Figura 1: E11.5 Ananas del rene del metanofricano coltivato per 3 div e trattato con cluster EphrinB2 o cluster ricombinanteIl Fc umano come un controllo. ( A ) L'anlagen renale metanico è stato disciolto a E11.5, coltivato per 3 div e macchiato con agglutinina biflorus biotinilata e streptavidina conica Alexa488. Gli esplanti sono stati immagazzinati con un microscopio di epifluorescenza a larga scala con un passaggio di banda di eccitazione di 460-495 nm, uno specchio bicromato di 505 nm, un passaggio di banda di emissione di 510-550 nm e lenti Plan-Apochromat 20X. L'applicazione di EphrinB2 ricombinante cluster (clEphrinB2) ha determinato una ridotta complessità di ramificazione e una malformazione dei suggerimenti del bocciolo uretrico (punta di freccia). ( B ) Il grafico a sinistra mostra le generazioni di ramificazione in clEphrinB2 trattate ed esplosivi di controllo. La 4a generazione di ramificazione è stata raggiunta solo nell'8% delle esplosioni trattate, rispetto al 35% delle esplosioni di controllo. Il numero di endpoint per ramo (grafico centrale) e endpoint per area (grafico a destra) è stato ridotto (endpoint per ogni CNT di ramo, 2.1 ± 0.09, clEphrinB2, 1.7± 0,08, P = 0,007 **; Endpoint per millimetro quadrato: CNT, 31 ± 0.01; ClEphrinB2, 27 ± 0,02; P = 0,04 *; N = 23). I dati sono presentati come media ± SEM ed è stata utilizzata una t-test Student unpaired. Barra di scala = 100 μm. Questa cifra è stata modificata da Peuckert et al. , 2016 3 . Clicca qui per visualizzare una versione più grande di questa figura.

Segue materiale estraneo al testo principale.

lemma fork_free_triangle_free_path_end_adj:
  assumes sg: "simple_graph W E" and ff: "fork_free W E" and tf: "triangle_free W E"
    and W: "y \<in> W" "a \<in> W" "b \<in> W" "z \<in> W" "w \<in> W"
    and ya: "E y a" and yb: "E y b" and "a \<noteq> b" and yz: "E y z" and "\<not> E a z" "\<not> E b z"
    and zw: "E z w" and "w \<noteq> y"
  shows "E a w \<or> E b w"
proof (cases "z = a \<or> z = b")
  case True
  then show ?thesis using zw by blast
next
  case False
  have "w \<noteq> a" "w \<noteq> b"
    using \<open>\<not> E a z\<close> \<open>\<not> E b z\<close> zw simple_graph_sym[OF sg W(4,2)] simple_graph_sym[OF sg W(4,3)]
    by blast+
  moreover have "y \<noteq> a" "y \<noteq> b" "y \<noteq> z" "w \<noteq> z"
    using ya yb yz zw simple_graph_irrefl[OF sg W(1)] simple_graph_irrefl[OF sg W(4)] by blast+
  ultimately have "distinct [y, a, b, z, w]" using False \<open>a \<noteq> b\<close> \<open>w \<noteq> y\<close> by auto
  then have "E a b \<or> E a z \<or> E a w \<or> E b z \<or> E b w \<or> E y w"
    by (rule fork_freeD[OF ff sg W _ ya yb yz zw])
  moreover have "\<not> E a b" "\<not> E y w"
    using triangle_freeD[OF tf W(1-3) ya yb]
      triangle_freeD[OF tf W(4,1,5) simple_graph_sym[OF sg W(1,4) yz] zw]
    by blast+
  ultimately show ?thesis using \<open>\<not> E a z\<close> \<open>\<not> E b z\<close> by blast
qed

Figura 2: Esempi di due E11.5 ananassi renali metanarici che sono stati danneggiati durante la dissezione, coltivati per 3 div e macchiati con biotinilato Doliforum Biflorus Agglutinina e Streptavidin coniugato Alexa488. ( A e B ) Il danno del mesenchimo ha provocato una crescita povera o assente e ramificazione uretrica di germi,Escludendo gli esplanti dall'ulteriore analisi. ( A ) esplante di reni del Metanephric dopo 3 div, con assenza di ramificazione ureterica di germoglio. Solo il primo ramo della fase T è visibile. ( B ) esplante di reni del Metanephric dopo 3 div, con sfumatura del budello ureterico poveri. Barra di scala = 60 μm. Clicca qui per visualizzare una versione più grande di questa figura.
Questo manoscritto descrive un metodo per isolare l'anlagen metanofrico in sviluppo dall'embrione del topo e per coltivare i rudimenti degli organi. Questo metodo è una tecnica standard, come sviluppato da Grobstein 8 e Saxén 9 , 10 ed è stato adattato e modificato da molti altri 11 , 12 . Il successo del metodo dipende principalmente dalla durata della dissezione, in quanto la sopravvivenza dell'esplante e il potenziale induttivo diminuiscono con il tempo di dissezione prolungato. È inoltre necessario prestare attenzione a non danneggiare il mesenchima durante la pulizia del rudimento del rene dal tessuto circostante. Il danno del mesenchim metanufrico è spesso il motivo della scarsa crescita degli esplanti. Tuttavia, la velocità di dissezione e le competenze motorie fine aumentano notevolmente con la pratica.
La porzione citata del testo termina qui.